## [EXERCISE GOAL]
Write out every line exactly, from the first line of the records below through the line that contains "theory Defs".
BEGIN GIVEN INFORMATION
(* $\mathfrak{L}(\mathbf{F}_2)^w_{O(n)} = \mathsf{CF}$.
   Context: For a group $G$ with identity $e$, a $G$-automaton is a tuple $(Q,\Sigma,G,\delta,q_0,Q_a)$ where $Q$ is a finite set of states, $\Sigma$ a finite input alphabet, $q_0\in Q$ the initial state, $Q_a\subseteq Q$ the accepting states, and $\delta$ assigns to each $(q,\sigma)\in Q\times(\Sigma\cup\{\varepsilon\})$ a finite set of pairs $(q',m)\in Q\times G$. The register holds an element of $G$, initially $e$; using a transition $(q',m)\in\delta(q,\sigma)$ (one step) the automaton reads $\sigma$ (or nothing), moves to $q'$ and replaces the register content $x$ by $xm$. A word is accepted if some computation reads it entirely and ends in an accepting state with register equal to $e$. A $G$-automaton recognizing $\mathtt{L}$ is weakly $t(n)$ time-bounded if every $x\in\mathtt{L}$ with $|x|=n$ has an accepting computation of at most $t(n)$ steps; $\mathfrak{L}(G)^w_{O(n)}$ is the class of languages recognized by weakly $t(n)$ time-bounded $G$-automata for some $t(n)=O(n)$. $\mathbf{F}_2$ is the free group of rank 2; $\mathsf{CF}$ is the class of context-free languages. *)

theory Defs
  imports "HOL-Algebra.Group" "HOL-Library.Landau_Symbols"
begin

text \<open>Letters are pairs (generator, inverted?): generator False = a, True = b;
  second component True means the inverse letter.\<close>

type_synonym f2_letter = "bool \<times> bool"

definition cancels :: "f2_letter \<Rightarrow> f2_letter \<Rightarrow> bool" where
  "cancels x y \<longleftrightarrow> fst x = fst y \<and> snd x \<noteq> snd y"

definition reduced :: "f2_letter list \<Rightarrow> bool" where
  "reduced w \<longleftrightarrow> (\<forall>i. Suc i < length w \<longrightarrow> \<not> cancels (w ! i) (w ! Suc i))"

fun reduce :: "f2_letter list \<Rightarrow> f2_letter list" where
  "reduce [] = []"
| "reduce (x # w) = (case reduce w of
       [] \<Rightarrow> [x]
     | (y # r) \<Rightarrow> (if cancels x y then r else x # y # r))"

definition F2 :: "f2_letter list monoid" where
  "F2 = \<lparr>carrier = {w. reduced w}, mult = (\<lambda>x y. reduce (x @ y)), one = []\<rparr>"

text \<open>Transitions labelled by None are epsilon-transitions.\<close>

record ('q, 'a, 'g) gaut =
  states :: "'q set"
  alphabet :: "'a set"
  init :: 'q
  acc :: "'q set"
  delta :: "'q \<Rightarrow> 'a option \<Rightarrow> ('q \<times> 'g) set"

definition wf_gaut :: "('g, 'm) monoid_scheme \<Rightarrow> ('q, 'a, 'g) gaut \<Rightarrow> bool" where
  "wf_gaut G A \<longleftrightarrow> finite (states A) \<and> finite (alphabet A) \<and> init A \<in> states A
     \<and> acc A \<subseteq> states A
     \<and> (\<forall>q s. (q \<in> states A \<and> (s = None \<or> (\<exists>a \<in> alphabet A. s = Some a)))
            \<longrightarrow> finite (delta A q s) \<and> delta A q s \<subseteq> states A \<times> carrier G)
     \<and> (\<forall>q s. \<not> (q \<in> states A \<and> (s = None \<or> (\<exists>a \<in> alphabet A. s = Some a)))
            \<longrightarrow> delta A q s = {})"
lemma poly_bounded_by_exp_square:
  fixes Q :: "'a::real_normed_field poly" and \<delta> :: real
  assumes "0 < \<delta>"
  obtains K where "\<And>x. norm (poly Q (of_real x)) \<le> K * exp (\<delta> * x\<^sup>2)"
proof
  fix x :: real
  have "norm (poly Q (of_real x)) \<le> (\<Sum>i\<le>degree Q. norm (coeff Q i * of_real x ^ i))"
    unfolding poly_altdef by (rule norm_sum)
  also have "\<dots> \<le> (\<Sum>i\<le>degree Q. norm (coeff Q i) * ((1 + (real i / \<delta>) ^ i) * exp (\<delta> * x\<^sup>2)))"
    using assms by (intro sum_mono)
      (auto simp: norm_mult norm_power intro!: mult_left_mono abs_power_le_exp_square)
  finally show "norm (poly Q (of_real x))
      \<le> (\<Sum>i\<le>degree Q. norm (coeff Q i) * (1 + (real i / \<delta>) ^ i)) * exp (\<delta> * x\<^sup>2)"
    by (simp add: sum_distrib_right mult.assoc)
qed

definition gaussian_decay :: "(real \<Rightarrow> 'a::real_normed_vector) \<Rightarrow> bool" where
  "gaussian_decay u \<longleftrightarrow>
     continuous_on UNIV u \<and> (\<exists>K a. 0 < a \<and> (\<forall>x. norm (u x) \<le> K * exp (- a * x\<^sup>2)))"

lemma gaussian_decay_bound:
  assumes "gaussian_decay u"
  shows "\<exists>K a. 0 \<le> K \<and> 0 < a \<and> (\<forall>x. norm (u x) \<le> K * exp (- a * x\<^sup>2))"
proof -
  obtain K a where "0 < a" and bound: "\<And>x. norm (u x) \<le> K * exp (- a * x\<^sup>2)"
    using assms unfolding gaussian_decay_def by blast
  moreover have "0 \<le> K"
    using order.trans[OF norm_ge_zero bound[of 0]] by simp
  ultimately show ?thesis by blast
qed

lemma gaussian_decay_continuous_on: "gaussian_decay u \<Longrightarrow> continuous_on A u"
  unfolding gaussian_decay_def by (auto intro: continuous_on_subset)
END GIVEN INFORMATION
## [TASK ANSWER]
(* $\mathfrak{L}(\mathbf{F}_2)^w_{O(n)} = \mathsf{CF}$.
   Context: For a group $G$ with identity $e$, a $G$-automaton is a tuple $(Q,\Sigma,G,\delta,q_0,Q_a)$ where $Q$ is a finite set of states, $\Sigma$ a finite input alphabet, $q_0\in Q$ the initial state, $Q_a\subseteq Q$ the accepting states, and $\delta$ assigns to each $(q,\sigma)\in Q\times(\Sigma\cup\{\varepsilon\})$ a finite set of pairs $(q',m)\in Q\times G$. The register holds an element of $G$, initially $e$; using a transition $(q',m)\in\delta(q,\sigma)$ (one step) the automaton reads $\sigma$ (or nothing), moves to $q'$ and replaces the register content $x$ by $xm$. A word is accepted if some computation reads it entirely and ends in an accepting state with register equal to $e$. A $G$-automaton recognizing $\mathtt{L}$ is weakly $t(n)$ time-bounded if every $x\in\mathtt{L}$ with $|x|=n$ has an accepting computation of at most $t(n)$ steps; $\mathfrak{L}(G)^w_{O(n)}$ is the class of languages recognized by weakly $t(n)$ time-bounded $G$-automata for some $t(n)=O(n)$. $\mathbf{F}_2$ is the free group of rank 2; $\mathsf{CF}$ is the class of context-free languages. *)

theory Defs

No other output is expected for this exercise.